--- Data under study Enclosed Below ---
lemma C1b_integrable_comp:
  assumes "C1b j \<phi>" "prob_space M" "w \<in> measurable M (cfg_space j)"
  shows "integrable M (\<lambda>x. \<phi> (w x))"
proof -
  interpret prob_space M by fact
  obtain B where "\<forall>y\<in>\<phi> ` space (cfg_space j). norm y \<le> B"
    using assms(1) unfolding C1b_def bounded_iff by blast
  then show ?thesis
    using measurable_space[OF assms(3)]
    by (intro integrable_const_bound[where B=B] AE_I2
        measurable_compose[OF assms(3) C1b_borel_measurable[OF assms(1)]]) auto
qed

lemma C1b_mvt_particle:
  assumes C: "C1b j \<phi>" and y: "y \<in> space (cfg_space j)" and l: "l < j"
  obtains \<tau> where "0 < \<tau>" "\<tau> < 1"
    and "\<phi> (y(l := x)) - \<phi> y = pder \<phi> (y(l := y l + \<tau> *\<^sub>R (x - y l))) l (x - y l)"
proof -
  let ?D = "x - y l"
  let ?z = "\<lambda>\<tau>. y(l := y l + \<tau> *\<^sub>R ?D)"
  define g where "g \<tau> = \<phi> (?z \<tau>)" for \<tau>
  have g_deriv: "(g has_real_derivative pder \<phi> (?z \<tau>) l ?D) (at \<tau>)" for \<tau>
  proof -
    have z_space: "?z \<tau> \<in> space (cfg_space j)"
      using y l by (auto simp: space_cfg_space PiE_iff extensional_def)
    have "((\<lambda>x. \<phi> (y(l := x))) has_derivative pder \<phi> (?z \<tau>) l) (at (y l + \<tau> *\<^sub>R ?D))"
      using C1b_has_derivative_pder[OF C z_space l] by simp
    moreover have "((\<lambda>\<tau>. y l + \<tau> *\<^sub>R ?D) has_derivative (\<lambda>h. h *\<^sub>R ?D)) (at \<tau>)"
      by (auto intro!: derivative_eq_intros)
    ultimately have "((\<lambda>x. \<phi> (y(l := x))) \<circ> (\<lambda>\<tau>. y l + \<tau> *\<^sub>R ?D) has_derivative
        pder \<phi> (?z \<tau>) l \<circ> (\<lambda>h. h *\<^sub>R ?D)) (at \<tau>)"
      by (rule diff_chain_at[rotated])
    then have "(g has_derivative pder \<phi> (?z \<tau>) l \<circ> (\<lambda>h. h *\<^sub>R ?D)) (at \<tau>)"
      by (simp add: g_def[abs_def] comp_def)
    moreover have "pder \<phi> (?z \<tau>) l \<circ> (\<lambda>h. h *\<^sub>R ?D) = (\<lambda>h. pder \<phi> (?z \<tau>) l ?D * h)"
      using C1b_linear_pder[OF C z_space l] by (simp add: fun_eq_iff linear_cmul)
    ultimately show ?thesis unfolding has_field_derivative_def by simp
  qed
  obtain \<tau> where "0 < \<tau>" "\<tau> < 1" "g 1 - g 0 = (1 - 0) * pder \<phi> (?z \<tau>) l ?D"
    using MVT2[of 0 1 g, OF _ g_deriv] by auto
  moreover have "g 0 = \<phi> y" by (simp add: g_def)
  ultimately show ?thesis using that by (simp add: g_def)
qed
lemma McDiarmid_nn_integral_exp_le:
  fixes f :: "('i \<Rightarrow> 'a) \<Rightarrow> real"
  assumes P: "prob_space P" and "finite I" and l: "l > 0"
  shows "f \<in> borel_measurable (PiM I (\<lambda>_. P)) \<Longrightarrow>
    (\<And>w. w \<in> space (PiM I (\<lambda>_. P)) \<Longrightarrow> \<bar>f w\<bar> \<le> B) \<Longrightarrow> bounded_differences I P c f \<Longrightarrow>
    (\<integral>\<^sup>+w. ennreal (exp (l * (f w - (\<integral>w. f w \<partial>PiM I (\<lambda>_. P))))) \<partial>PiM I (\<lambda>_. P))
      \<le> ennreal (exp (l\<^sup>2 * real (card I) * c\<^sup>2 / 8))"
  using \<open>finite I\<close>
proof (induction I arbitrary: f rule: finite_induct)
  case empty
  show ?case
    by (simp add: PiM_empty lebesgue_integral_count_space_finite nn_integral_count_space_finite)
next
  case (insert i I)
  interpret P: prob_space P by fact
  interpret product_sigma_finite "\<lambda>_::'i. P"
    by (simp add: product_sigma_finite_def P.sigma_finite_measure_axioms)
  let ?M = "\<lambda>I. PiM I (\<lambda>_::'i. P)"
  note f = insert.prems(1) and f_bound = insert.prems(2) and f_diff = insert.prems(3)
  have [measurable]: "f \<in> borel_measurable (?M (insert i I))" by (fact f)
  define g where "g w = (\<integral>y. f (w(i := y)) \<partial>P)" for w
  define E where "E = (\<integral>w. g w \<partial>?M I)"
  have g: "g \<in> borel_measurable (?M I)"
    unfolding g_def
    by (rule P.borel_measurable_lebesgue_integral[of "\<lambda>w y. f (w(i := y))", simplified])
      (use measurable_compose[OF measurable_add_dim f] in \<open>simp add: case_prod_unfold\<close>)
  have section_measurable: "(\<lambda>y. f (w(i := y))) \<in> borel_measurable P" if "w \<in> space (?M I)" for w
    by (rule measurable_compose[OF measurable_component_update[OF that insert.hyps(2)] f])
  have g_bound: "\<bar>g w\<bar> \<le> B" if "w \<in> space (?M I)" for w
    using P.abs_integral_le_const_measure[OF section_measurable[OF that], of B]
      f_bound[OF space_PiM_fun_upd[OF that]] by (simp add: g_def P.prob_space)
  have g_diff: "bounded_differences I P c g"
    unfolding g_def by (rule bounded_differences_integral_coordinate[OF P insert.hyps(2) f f_bound f_diff])
  have integral_f: "(\<integral>w. f w \<partial>?M (insert i I)) = E"
    unfolding E_def g_def
    by (rule product_integral_insert[OF insert.hyps])
      (rule finite_measure.integrable_const_bound[where B = B],
       use f_bound prob_space_PiM[OF P] in \<open>auto simp: prob_space_def\<close>)
  have "(\<integral>\<^sup>+w. ennreal (exp (l * (f w - (\<integral>w. f w \<partial>?M (insert i I))))) \<partial>?M (insert i I))
      = (\<integral>\<^sup>+w. \<integral>\<^sup>+y. ennreal (exp (l * (f (w(i := y)) - E))) \<partial>P \<partial>?M I)"
    unfolding integral_f by (rule product_nn_integral_insert[OF insert.hyps]) measurable
  also have "\<dots> \<le> (\<integral>\<^sup>+w. ennreal (exp (l\<^sup>2 * c\<^sup>2 / 8)) * ennreal (exp (l * (g w - E))) \<partial>?M I)"
  proof (rule nn_integral_mono)
    fix w assume "w \<in> space (?M I)"
    from nn_integral_exp_section_le[OF P insert.hyps(2) l f f_diff this]
    show "(\<integral>\<^sup>+y. ennreal (exp (l * (f (w(i := y)) - E))) \<partial>P)
        \<le> ennreal (exp (l\<^sup>2 * c\<^sup>2 / 8)) * ennreal (exp (l * (g w - E)))"
      by (simp only: g_def mult.commute)
  qed
  also have "\<dots> = ennreal (exp (l\<^sup>2 * c\<^sup>2 / 8)) * (\<integral>\<^sup>+w. ennreal (exp (l * (g w - E))) \<partial>?M I)"
    by (rule nn_integral_cmult) (use g in measurable)
  also have "\<dots> \<le> ennreal (exp (l\<^sup>2 * c\<^sup>2 / 8)) * ennreal (exp (l\<^sup>2 * real (card I) * c\<^sup>2 / 8))"
    unfolding E_def by (intro mult_left_mono insert.IH[OF g g_bound g_diff]) auto
  also have "\<dots> = ennreal (exp (l\<^sup>2 * real (card (insert i I)) * c\<^sup>2 / 8))"
    using insert.hyps by (simp add: ennreal_mult[symmetric] exp_add[symmetric] algebra_simps add_divide_distrib)
  finally show ?case .
qed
--- End of Enclosed Data under study ---
▸ **To do**
Please go through the listing and return each line that has "also" in it.

▸ **Answer section**
  also have "\<dots> \<le> (\<integral>\<^sup>+w. ennreal (exp (l\<^sup>2 * c\<^sup>2 / 8)) * ennreal (exp (l * (g w - E))) \<partial>?M I)"
  also have "\<dots> = ennreal (exp (l\<^sup>2 * c\<^sup>2 / 8)) * (\<integral>\<^sup>+w. ennreal (exp (l * (g w - E))) \<partial>?M I)"
  also have "\<dots> \<le> ennreal (exp (l\<^sup>2 * c\<^sup>2 / 8)) * ennreal (exp (l\<^sup>2 * real (card I) * c\<^sup>2 / 8))"
  also have "\<dots> = ennreal (exp (l\<^sup>2 * real (card (insert i I)) * c\<^sup>2 / 8))"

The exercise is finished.